Oxaliplatin has also been investigated in combination with irinotecan (IROX) with some preliminary evidence of efficacy [24]. Thirty patients were treated with oxaliplatin (60 mg/m2 days 1 and 15) and irinotecan (60 mg/m2 days 1, 8 and 15 every 4 weeks); 3 (10%) partial responses were noted and the disease remained stable in a further 7 (23%) patients. The regimen was well tolerated and median TTP and survival were 4.1 and 5.9 months, respectively.

The combination of oxaliplatin (120 mg/m2) with pemetrexed (500 mg/m2 every 3 weeks) may have some activity. Initial results of a phase II study presented at the 2009 ASCO Annual Meeting showed 3 partial and 6 minor responses in 15 evaluable patients. The median PFS was 14 weeks and grade 3 toxicities appeared uncommon [25]. Oxaliplatin (130 mg/m2) has also been combined with another novel antifolate, raltitrexed (3 mg/m2). Forty one patients were treated in a phase II trial and the partial response rate was an encouraging 24% [26]. Significant toxicity was uncommon, but, disappointingly, median survival was only 5.2 months.
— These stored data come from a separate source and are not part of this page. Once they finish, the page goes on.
lemma Gam_c_add_left: "Gam_c g J p (X1 + X2) Y = Gam_c g J p X1 Y + Gam_c g J p X2 Y"
  unfolding Gam_c_def gip_def by (simp add: LC_add_left Bform_add inner_add_left algebra_simps)

lemma Gam_c_add_right: "Gam_c g J p X (Y1 + Y2) = Gam_c g J p X Y1 + Gam_c g J p X Y2"
  unfolding Gam_c_def gip_def
  by (simp add: LC_add_right Bform_add inner_add_right matrix_vector_right_distrib algebra_simps)

end

lemma nearly_kaehler_weyl_imp_proj_equiv:
  assumes cah: "conf_almost_hermitian U g J" and nkw: "nearly_kaehler_weyl g J U"
  shows "proj_equiv (Gam_c g J) (Gam_gc g J) U"
  unfolding proj_equiv_def
proof (intro exI[of _ "\<lambda>_ _. 0"] ballI conjI allI)
  fix p X Y assume p: "p \<in> U"
  have diff: "g differentiable (at p)" "J differentiable (at p)"
    using cah p smooth_on_differentiable unfolding conf_almost_hermitian_def by blast+
  have skew: "covJ (Gam_c g J) J p X Y + covJ (Gam_c g J) J p Y X = 0"
    using nkw p unfolding nearly_kaehler_weyl_def
    by (intro skew_if_diag_zero covJ_add_left[OF diff(2)] covJ_add_right
        Gam_c_add_left[OF diff(1)] Gam_c_add_right[OF diff(1)]) auto
  have "Gam_gc g J p X Y + Gam_gc g J p Y X = Gam_c g J p X Y + Gam_c g J p Y X
      - (1/2) *\<^sub>R (J p *v (covJ (Gam_c g J) J p X Y + covJ (Gam_c g J) J p Y X))"
    by (simp add: Gam_gc_def Gc_def matrix_vector_right_distrib algebra_simps)
  then show "(1/2) *\<^sub>R (Gam_gc g J p X Y + Gam_gc g J p Y X) - (1/2) *\<^sub>R (Gam_c g J p X Y + Gam_c g J p Y X)
      = 0 *\<^sub>R Y + 0 *\<^sub>R X"
    using skew by simp
qed (simp add: linear_zero)

theorem proposition4p14:
  fixes U :: "(real^'n) set" and g J :: "real^'n \<Rightarrow> real^'n^'n"
  assumes "CARD('n) \<ge> 4"
    and "conf_almost_hermitian U g J"
  shows "(nearly_kaehler_weyl g J U \<longleftrightarrow> same_geodesics (Gam_c g J) (Gam_gc g J) U)
    \<and> (nearly_kaehler_weyl g J U \<longrightarrow> proj_equiv (Gam_c g J) (Gam_gc g J) U)"
proof -
  \<comment> \<open>The dimension bound only makes the factor \<open>1/(n-2)\<close> in \<open>Bform\<close> meaningful.\<close>
  have "nearly_kaehler_weyl g J U \<longleftrightarrow> (\<forall>p\<in>U. \<forall>X. Gam_c g J p X X = Gam_gc g J p X X)"
    using assms(2) by (intro nearly_kaehler_weyl_iff_diag_eq) (simp add: conf_almost_hermitian_def)
  also have "\<dots> \<longleftrightarrow> same_geodesics (Gam_c g J) (Gam_gc g J) U"
    using Gam_c_geodesic_with_initial_data_exists[OF assms(2)]
    by (intro same_geodesics_iff_diag_eq[symmetric]) blast
  finally show ?thesis using nearly_kaehler_weyl_imp_proj_equiv[OF assms(2)] by blast
qed

end
lemma eventually_near_jumps:
  assumes "finite F" "F \<subseteq> {0<..}" "e > 0" "\<delta> > 0"
  shows "\<forall>\<^sub>F n in sequentially. \<forall>u\<in>F. prev_idx n u < k n \<and>
    u - \<delta> \<le> t n (prev_idx n u) \<and> J u - e < incr n (prev_idx n u)"
proof (intro eventually_ball_finite[OF assms(1)] ballI)
  fix u assume "u \<in> F"
  then have "0 < u"
    using assms(2) by auto
  have "J u - e < J u"
    using assms(3) by simp
  show "\<forall>\<^sub>F n in sequentially. prev_idx n u < k n \<and>
    u - \<delta> \<le> t n (prev_idx n u) \<and> J u - e < incr n (prev_idx n u)"
    using eventually_prev_idx_near[OF \<open>0 < u\<close> assms(4)]
      order_tendstoD(1)[OF increment_at_prev_idx_tendsto[OF x_cadlag \<open>0 < u\<close>] \<open>J u - e < J u\<close>]
    by eventually_elim auto
qed

lemma eventually_time_change_close:
  assumes "\<epsilon> > 0" "T \<ge> 0"
  shows "\<forall>\<^sub>F n in sequentially. \<exists>l. time_change l \<and> (\<forall>s\<ge>0. \<bar>l s - s\<bar> \<le> \<epsilon>) \<and>
    (\<forall>s\<in>{0..T}. \<bar>Q n (l s) - q s\<bar> \<le> \<epsilon>)"
proof -
  define e where "e = \<epsilon> / 6"
  have "e > 0"
    unfolding e_def using assms by simp
  obtain F G where grid: "fine_grid e (T + 1) F G"
    using fine_grid_exists[OF \<open>e > 0\<close>] assms(2) by (metis add_nonneg_pos zero_less_one)
  then have "finite G" "G \<subseteq> {0..}" "finite F" "F \<subseteq> {0<..}"
    using fine_grid_jumps_pos[OF grid] unfolding fine_grid_def by (auto intro: finite_subset)
  obtain d where "d > 0" "separated d G"
    using finite_imp_separated[OF \<open>finite G\<close>] .
  define r where "r = d / 2"
  have "r > 0" "separated (2 * r) G"
    unfolding r_def using \<open>d > 0\<close> \<open>separated d G\<close> by auto
  define \<delta> where "\<delta> = min r \<epsilon> / (real (card F) + 2)"
  have "\<delta> > 0" "(real (card F) + 2) * \<delta> = min r \<epsilon>"
    unfolding \<delta>_def using \<open>r > 0\<close> assms(1) by simp_all
  then have "real (card F) * \<delta> + 2 * \<delta> = min r \<epsilon>" "0 \<le> real (card F) * \<delta>"
    by (simp_all add: algebra_simps)
  then have \<delta>: "\<delta> < r" "real (card F) * \<delta> < r" "real (card F) * \<delta> \<le> \<epsilon>"
    using \<open>\<delta> > 0\<close> by linarith+
  show ?thesis
    using eventually_close_on_grid[OF \<open>finite G\<close> \<open>G \<subseteq> {0..}\<close> \<open>e > 0\<close>]
      eventually_near_jumps[OF \<open>finite F\<close> \<open>F \<subseteq> {0<..}\<close> \<open>e > 0\<close> \<open>\<delta> > 0\<close>]
  proof eventually_elim
    case (elim n)
    obtain l where l: "time_change l" "\<forall>s. \<bar>l s - s\<bar> \<le> real (card F) * \<delta>"
      "\<forall>s\<in>{0..<T + 1}. \<bar>Q n (l s) - q s\<bar> \<le> 6 * e"
      by (rule time_change_close_exists[OF grid \<open>separated (2 * r) G\<close> \<open>r > 0\<close> \<delta>(1) elim \<delta>(2)])
    moreover have "\<forall>s\<ge>0. \<bar>l s - s\<bar> \<le> \<epsilon>"
      using l(2) \<delta>(3) by (meson order_trans)
    moreover have "\<forall>s\<in>{0..T}. \<bar>Q n (l s) - q s\<bar> \<le> \<epsilon>"
      using l(3) unfolding e_def by auto
    ultimately show ?case
      by blast
  qed
qed

end
(*
  For extremal a, the map exp (t ad a) = 1 + t ad a + t\<^sup>2 g(a,-) a is an automorphism of L.
  It maps pure extremal elements to pure extremal ones, and since the functional g\<^sub>u of a
  non-sandwich u is unique, g(exp (t ad a) u, exp (t ad a) w) = g(u,w). This is a polynomial
  identity of degree 2 in t, so as soon as |k| \<ge> 3 its linear coefficient vanishes: ad a is
  skew for g. Since L is spanned by pure extremal elements, g is invariant,
  g([a,b],w) = g(a,[b,w]), and then L\<^sub>-\<^sub>1 of a pair (a,b) with g(a,b) = 1 is exactly the set
  of l with [a,[b,l]] = -l.

  In the situation of the theorem, q = exp(-ad x) exp(-ad y) d is extremal with g(c,q) = 1.
  For l \<in> L\<^sub>-\<^sub>1 write [c,l] = t x and l\<^sub>0 = l - t d - s c with s = g(l - t d, q); then
  j = -[c,[q,l\<^sub>0]] lies in L\<^sub>-\<^sub>1 \<inter> L'\<^sub>-\<^sub>1 and l\<^sub>0 - j in L\<^sub>-\<^sub>1 \<inter> L'\<^sub>0, which decomposes
  l = s c + j + (l\<^sub>0 - j) + t d. The decomposition is unique: applying ad c and pairing with y
  kills the d-part, pairing with q kills the c-part, and L'\<^sub>-\<^sub>1 \<inter> L'\<^sub>0 = 0. Finally
  l \<in> L\<^sub>-\<^sub>1 \<inter> L'\<^sub>1 gives l = -[q,[c,l]] \<in> k [q,x] = k d.
*)

locale lie_alg =
  fixes sm :: "'k::field \<Rightarrow> 'v::ab_group_add \<Rightarrow> 'v" and br :: "'v \<Rightarrow> 'v \<Rightarrow> 'v"
  assumes lie: "lie_algebra sm br"
begin

lemma sm_add_right [simp]: "sm a (x + y) = sm a x + sm a y"
  and sm_add_left [simp]: "sm (a + b) x = sm a x + sm b x"
  and sm_sm [simp]: "sm a (sm b x) = sm (a * b) x"
  and sm_one [simp]: "sm 1 x = x"
  using lie unfolding lie_algebra_def vec_space_def by auto

lemma sm_zero_left [simp]: "sm 0 x = 0"
  using sm_add_left[of 0 0 x] by simp

lemma sm_zero_right [simp]: "sm a 0 = 0"
  using sm_add_right[of a 0 0] by simp

lemma sm_neg_left [simp]: "sm (- a) x = - sm a x"
  using sm_add_left[of "- a" a x] by (simp add: eq_neg_iff_add_eq_0)

lemma sm_neg_right [simp]: "sm a (- x) = - sm a x"
  using sm_add_right[of a "- x" x] by (simp add: eq_neg_iff_add_eq_0)
(* Let $n\ge4$, $0<\alpha_2,\alpha_3<1$, $\alpha_1=1-\alpha_2-\alpha_3$, $\lambda^*=\big(\frac{n-1+\alpha_1}{n},\frac{\alpha_2}{n},\frac{\alpha_3}{n}\big)$. Then $$\sum_{i_2=0}^{n}|l_{(n-i_2,i_2,0)}(\lambda^* )|\le\frac{2^{n+1}}{e\,n(\ln n-\ln2)}\Big(1+\frac{15}{n-3}\Big)\Big(1+\frac{e(\ln n-1)\,n(n+1)}{2^{n+1}}\Big),$$ $$\sum_{i_3=1}^{n}|l_{(n-i_3,0,i_3)}(\lambda^* )|\le\frac{2^{n+1}}{e\,n(\ln n-\ln2)}\Big(1+\frac{15}{n-3}\Big)\Big(1+\frac{e(\ln n-1)\,n^2}{2^{n+1}}\Big).$$
   Context: For an integer $n\ge1$ and $i=(i_1,i_2,i_3)\in\mathbb{Z}_+^3$ with $i_1+i_2+i_3=n$, $l_i(\lambda)=\prod_{s=1}^{3}\frac{1}{i_s!}\prod_{t=0}^{i_s-1}(n\lambda_s-t)$ for $\lambda=(\lambda_1,\lambda_2,\lambda_3)$ (Lagrange fundamental polynomials for the equally spaced nodes $i/n$ of a triangle in barycentric coordinates). *)

theory Defs
  imports "HOL-Analysis.Analysis"
begin

text \<open>Lagrange fundamental polynomial for the equally spaced nodes i/n of a triangle,
  in barycentric coordinates. Index i = (i1,i2,i3) with i1+i2+i3 = n,
  point lam = (lam1,lam2,lam3).\<close>

definition lag_factor :: "nat \<Rightarrow> nat \<Rightarrow> real \<Rightarrow> real" where
  "lag_factor n k x = (1 / fact k) * (\<Prod>t<k. real n * x - real t)"

definition lagrange_l :: "nat \<Rightarrow> nat \<times> nat \<times> nat \<Rightarrow> real \<times> real \<times> real \<Rightarrow> real" where
  "lagrange_l n i lam =
     (case i of (i1, i2, i3) \<Rightarrow> case lam of (l1, l2, l3) \<Rightarrow>
        lag_factor n i1 l1 * lag_factor n i2 l2 * lag_factor n i3 l3)"

end

theory Submission
  imports Defs
begin

text \<open>On the edges \<open>\<lambda>\<^sub>3 = 0\<close> and \<open>\<lambda>\<^sub>2 = 0\<close> the Lagrange polynomials at \<lambda>* are products of
  generalised binomial coefficients \<open>((n - 1 + \<alpha>\<^sub>1) gchoose (n - k)) (\<beta> gchoose k)\<close>, with \<open>\<beta> = \<alpha>\<^sub>2\<close>
  resp. \<open>\<alpha>\<^sub>3\<close>. Bounding the first factor by (n - \<beta>) gchoose (n - k), the Pochhammer symbols
  telescope and the k-th term (k \<ge> 1) is at most C(n,k) (1 - \<beta>)/(k - \<beta>) times
  \<beta> \<Prod>m=2..n. (1 - \<beta>/m). Comparing the factors with exp (-\<beta>/m) and the harmonic sum with
  ln n - ln 2, the latter is at most \<beta> exp (-\<beta> (ln n - ln 2)) \<le> 1/(e (ln n - ln 2)), uniformly
  in \<beta>. For k \<ge> 2 the ratio (1 - \<beta>)/(k - \<beta>) is at most 1/(k+1) + 8/((k+1)(k+2)), which turns
  the remaining sum into shifted rows of Pascal's triangle, each bounded by a power of 2.\<close>

lemma lag_factor_scaled:
  assumes "n > 0"
  shows "lag_factor n k (y / real n) = y gchoose k"
  using assms by (simp add: lag_factor_def gbinomial_prod_rev atLeast0LessThan)

lemma abs_gchoose_le_gchoose:
  fixes x y :: real
  assumes "\<And>i. i < k \<Longrightarrow> \<bar>x - real i\<bar> \<le> y - real i"
  shows "\<bar>x gchoose k\<bar> \<le> y gchoose k"
proof -
  have "\<bar>\<Prod>i=0..<k. x - real i\<bar> \<le> (\<Prod>i=0..<k. y - real i)"
    unfolding abs_prod using assms by (intro prod_mono) auto
  then show ?thesis
    by (simp add: gbinomial_prod_rev divide_right_mono)
qed

lemma abs_gchoose_unit_interval:
  fixes b :: real
  assumes "0 < b" "b < 1" "k > 0"
  shows "\<bar>b gchoose k\<bar> = b * pochhammer (1 - b) (k - 1) / fact k"
proof -
  obtain j where k: "k = Suc j" using assms(3) gr0_implies_Suc by blast
  have "pochhammer (1 - b) j > 0" using assms by (intro pochhammer_pos) auto
  then show ?thesis
    using assms unfolding k gbinomial_pochhammer pochhammer_rec
    by (simp add: abs_mult)
qed
lemma not_openin_Inter_large:
  fixes s :: "'c rel"
  assumes "Well_order s" and "r \<le>o s"
  shows "\<exists>U. (\<forall>\<beta>\<in>Field s. openin T (U \<beta>)) \<and> \<not> openin T (topspace T \<inter> (\<Inter>\<beta>\<in>Field s. U \<beta>))"
proof -
  have "|UNIV :: 'a set| \<le>o |Field s|"
    using card_of_mono2[OF assms(2)] Field_r by simp
  then obtain f :: "'a \<Rightarrow> 'c" where f: "inj f" "range f \<subseteq> Field s"
    using card_of_ordLeq[of "UNIV :: 'a set" "Field s"] by blast
  obtain a where "a \<in> V"
    using two_values by blast
  define x :: "'a \<Rightarrow> 'b" where "x = (\<lambda>_. a)"
  have x: "x \<in> fspace V"
    using \<open>a \<in> V\<close> by (simp add: x_def fspace_def)
  \<comment> \<open>The \<open>U \<beta>\<close> reindex the neighbourhoods of \<open>x\<close> fixing one coordinate.\<close>
  define U where "U \<beta> = Nset V (f -` {\<beta>}) x" for \<beta>
  have U_open: "openin T (U \<beta>)" for \<beta>
  proof -
    have "i = j" if "i \<in> f -` {\<beta>}" "j \<in> f -` {\<beta>}" for i j
    proof -
      have "f i = f j"
        using that by simp
      then show "i = j"
        by (rule injD[OF f(1)])
    qed
    then have "f -` {\<beta>} \<in> I"
      by (rule subsingleton_in_I)
    then show ?thesis
      unfolding U_def by (rule openin_Nset)
  qed
  have "topspace T \<inter> (\<Inter>\<beta>\<in>Field s. U \<beta>) = {x}"
  proof
    show "{x} \<subseteq> topspace T \<inter> (\<Inter>\<beta>\<in>Field s. U \<beta>)"
      using x by (simp add: topspace_tauI U_def Nset_self)
    show "topspace T \<inter> (\<Inter>\<beta>\<in>Field s. U \<beta>) \<subseteq> {x}"
    proof
      fix y assume y: "y \<in> topspace T \<inter> (\<Inter>\<beta>\<in>Field s. U \<beta>)"
      have "y j = x j" for j
      proof -
        have "y \<in> U (f j)"
          using y f(2) by blast
        then show ?thesis
          by (simp add: U_def Nset_def)
      qed
      then show "y \<in> {x}"
        by (simp add: fun_eq_iff)
    qed
  qed
  then show ?thesis
    using U_open not_openin_singleton by (intro exI[of _ U]) simp
qed
(* Let $I_1=\{m+ni: m\in\{1,2,\ldots\},n\in\mathbb Z\}$ and $I_2=\{m+ni: m\in\{1,2,\ldots\},\ n\in\{0,1,2,\ldots\}\}$, let $D=\{z\in\mathbb C:|z-1/2|\le 1/2\}$, $\theta_b(z)=1/(z+b)$, and let $s>1$ and $R>\sqrt2$. Let $v_s$ be the strictly positive eigenvector of the operator $(L_sv)(z)=\sum_{b\in\mathcal B}|z+b|^{-2s}v(\theta_b(z))$ on $C_{\mathbb R}(D)$ with $\mathcal B=I_1$. Then for all $z\in D$, $$\sum_{b\in I_1,|b|>R}\frac{v_s(\theta_b(z))}{|z+b|^{2s}}\le \exp\Big(\frac{2s}{\sqrt{R^2-R}}\Big)\Big(\frac{R}{R-1}\Big)^s\left[\frac{1}{2s-1}\Big(\frac{1}{R-1}\Big)^{2s-1}+\frac{\pi}{2}\cdot\frac{1}{s-1}\Big(\frac{1}{R-\sqrt2}\Big)^{2s-2}\right]v_s(0).$$ Similarly, if $v_s$ is the strictly positive eigenvector of the corresponding operator with $\mathcal B=I_2$, then for all $z\in D$, $$\sum_{b\in I_2,|b|>R}\frac{v_s(\theta_b(z))}{|z+b|^{2s}}\le \exp\Big(\frac{2s}{\sqrt{R^2-R}}\Big)\Big(\frac{R}{R-1}\Big)^s\left[\frac{1}{2s-1}\Big(\frac{1}{R-1}\Big)^{2s-1}+\frac{\pi}{4}\cdot\frac{1}{s-1}\Big(\frac{1}{R-\sqrt2}\Big)^{2s-2}\right]v_s(0).$$
   Context: $C_{\mathbb R}(D)$ is the space of real continuous functions on $D$. For $s>1$ and $\mathcal B=I_1$ or $I_2$ the operator $L_s$ is a bounded linear operator on $C_{\mathbb R}(D)$ having a strictly positive eigenvector $v_s$ (unique up to positive multiples) with eigenvalue equal to its spectral radius. *)

theory Defs
  imports "HOL-Analysis.Analysis"
begin

definition I1 :: "complex set" where
  "I1 = {of_nat m + of_int n * \<i> | m n. m \<ge> 1}"

definition I2 :: "complex set" where
  "I2 = {of_nat m + of_nat n * \<i> | m n. m \<ge> 1}"

definition Ddisk :: "complex set" where
  "Ddisk = cball (1/2) (1/2)"

definition Lop :: "real \<Rightarrow> complex set \<Rightarrow> (complex \<Rightarrow> real) \<Rightarrow> complex \<Rightarrow> real" where
  "Lop s B v z = (\<Sum>\<^sub>\<infinity> b\<in>B. v (1 / (z + b)) / cmod (z + b) powr (2 * s))"

definition Lop_pow_norm :: "real \<Rightarrow> complex set \<Rightarrow> nat \<Rightarrow> real" where
  "Lop_pow_norm s B n =
     Sup {Sup ((\<lambda>z. \<bar>(Lop s B ^^ n) v z\<bar>) ` Ddisk) | v.
            continuous_on Ddisk v \<and> (\<forall>z\<in>Ddisk. \<bar>v z\<bar> \<le> 1)}"

text \<open>Spectral radius of L_s on C_R(D), via the Gelfand formula lim ||L^n||^(1/n).\<close>
definition spec_rad :: "real \<Rightarrow> complex set \<Rightarrow> real" where
  "spec_rad s B = lim (\<lambda>n. root n (Lop_pow_norm s B n))"

definition pos_eigvec :: "real \<Rightarrow> complex set \<Rightarrow> (complex \<Rightarrow> real) \<Rightarrow> bool" where
  "pos_eigvec s B v \<longleftrightarrow> continuous_on Ddisk v \<and> (\<forall>z\<in>Ddisk. v z > 0) \<and>
     (\<forall>z\<in>Ddisk. Lop s B v z = spec_rad s B * v z)"

end

theory Submission
  imports Defs
begin

text \<open>
  Let \<open>kernel_ratio s p q\<close> be the supremum over \<open>u \<in> D\<close> of \<open>(|1 + u q| / |1 + u p|)^(2s)\<close>.
  The kernels \<open>|1 + u z|^(-2s)\<close> are permuted by the branches \<open>f \<mapsto> |z + b|^(-2s) f (1 / (z + b))\<close>
  of \<open>L\<^sub>s\<close>, so the eigenvalue equation carries a bound \<open>v p \<le> K kernel_ratio s p q v q\<close> from the
  images of \<open>p, q\<close> under all pairs of branches back to \<open>p, q\<close>. Two branches contract distances by
  a factor 4 and \<open>v\<close> is uniformly continuous and bounded below, so \<open>v p \<le> kernel_ratio s p q v q\<close>
  on all of \<open>D\<close>; with \<open>q = 0\<close> this gives \<open>v (1 / (z + b)) \<le> exp (2s / |z + b|) v 0\<close>. For
  \<open>|b| > R\<close> moreover \<open>|z + b|\<^sup>2 \<ge> |b|\<^sup>2 - |b|\<close>, which yields the factors
  \<open>exp (2s / sqrt (R\<^sup>2 - R))\<close> and \<open>(R / (R - 1))^s\<close> in front of \<open>\<Sum>\<^bsub>|b| > R\<^esub> |b|^(-2s)\<close>.
  That lattice sum is compared with an integral: on the real axis directly, off the axis by counting
  lattice points, since the unit squares below lattice points \<open>b\<close> with \<open>R < |b| \<le> r\<close> and their
  mirror images are disjoint and lie in the annulus \<open>R - sqrt 2 < |x| < r\<close>.
\<close>

section \<open>Sums controlled by a counting function\<close>

lemma power2_powr: "0 \<le> x \<Longrightarrow> (x^2) powr a = x powr (2 * a)"
  for x a :: real
  using powr_powr[of x 2 a] by simp

lemma inverse_powr: "0 < x \<Longrightarrow> (1 / x) powr a = x powr (- a)"
  for x a :: real
  by (simp add: powr_divide powr_minus_divide)

lemma powr_neg_diff_ge:
  fixes a b p :: real
  assumes "0 < a" "a \<le> b" "0 < p"
  shows "p * (b - a) * b powr (- p - 1) \<le> a powr (- p) - b powr (- p)"
proof (cases "a = b")
  case False
  with assms have ab: "a < b" by simp
  have "\<And>x. a \<le> x \<Longrightarrow> x \<le> b \<Longrightarrow>
      ((\<lambda>x. x powr (- p)) has_real_derivative (- p) * x powr (- p - 1)) (at x)"
    using assms by (auto intro!: derivative_eq_intros)
  from MVT2[OF ab this] obtain z where z: "a < z" "z < b"
    "b powr (- p) - a powr (- p) = (b - a) * ((- p) * z powr (- p - 1))" by blast
  have "b powr (- p - 1) \<le> z powr (- p - 1)"
    using z assms by (intro powr_mono2') auto
  then have "p * (b - a) * b powr (- p - 1) \<le> p * (b - a) * z powr (- p - 1)"
    using ab assms by (intro mult_left_mono) auto
  also have "\<dots> = a powr (- p) - b powr (- p)" using z(3) by (simp add: algebra_simps)
  finally show ?thesis .
qed simp

text \<open>Comparison with \<open>\<integral>\<^sub>0\<^sup>\<infinity> (a + h x) powr (-q) dx\<close>, the mean value theorem standing in
  for the integral.\<close>
lemma sum_powr_arith_prog_le:
  fixes a h q :: real
  assumes "0 < a" "0 < h" "1 < q"
  shows "(\<Sum>k=1..N. (a + h * real k) powr (- q)) \<le> a powr (1 - q) / (h * (q - 1))"
proof -
  have telescope: "(\<Sum>k=1..n. (a + h * real k) powr (- q))
      \<le> (a powr (1 - q) - (a + h * real n) powr (1 - q)) / (h * (q - 1))" for n
  proof (induction n)
    case (Suc n)
    let ?x = "a + h * real n" and ?y = "a + h * real (Suc n)"
    have "(q - 1) * (?y - ?x) * ?y powr (- (q - 1) - 1) \<le> ?x powr (- (q - 1)) - ?y powr (- (q - 1))"
      using assms by (intro powr_neg_diff_ge) (auto intro: add_pos_nonneg)
    moreover have "?y - ?x = h" by (simp add: algebra_simps)
    ultimately have "?y powr (- q) \<le> (?x powr (1 - q) - ?y powr (1 - q)) / (h * (q - 1))"
      using assms by (simp add: field_simps)
    with Suc show ?case by (simp add: diff_divide_distrib)
  qed simp
  moreover have "0 \<le> (a + h * real N) powr (1 - q) / (h * (q - 1))" using assms by simp
  ultimately show ?thesis using telescope[of N] unfolding diff_divide_distrib by linarith
qed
Single-Agent Fluoropyrimidines

Two single arm phase II studies and a retrospective series have addressed the role of a fluoropyrimidine as a single agent following disease progression on gemcitabine. Morizane et al. [27] reported on the use of S-1, a novel oral fluoropyrimidine prodrug, in this setting. S-1 consists of ftorafur, a 5-FU prodrug, combined with the dihydropyrimidine dehydrogenase (DPD) inhibitor, chloro-dihydroxypyridine, and the orotate phosphoribosyltransferase inhibitor potassium oxonate. In the study by Morizane et al., 40 patients received S-1 at a dose of 40 mg/m2 daily for 28 days followed by a 14-day rest period. Six (15%) patients had a partial response and 17 (43%) had stable disease. Median PFS and OS were 2 and 4.5 months, respectively. Nakai et al. [28] reported their institutional experience with S-1 in the second line treatment of gemcitabine-resistant pancreatic cancer at the University of Tokyo Hospital. Twenty nine patients were treated with 5 (17%) responding. Median PFS and OS were 2.5 and 7.8 months, respectively. Capecitabine (1,250 mg/m2 po bid for 2 weeks every 3 weeks) was administered to 39 patients by Boeck et al. [29]. No objective responses were seen and 13% of patients experienced grade 3 palmar-plantar erythema. Median TTP was 2.3 months and median survival was 7.6 months in this study, indicating some efficacy, even in the absence of objective responses.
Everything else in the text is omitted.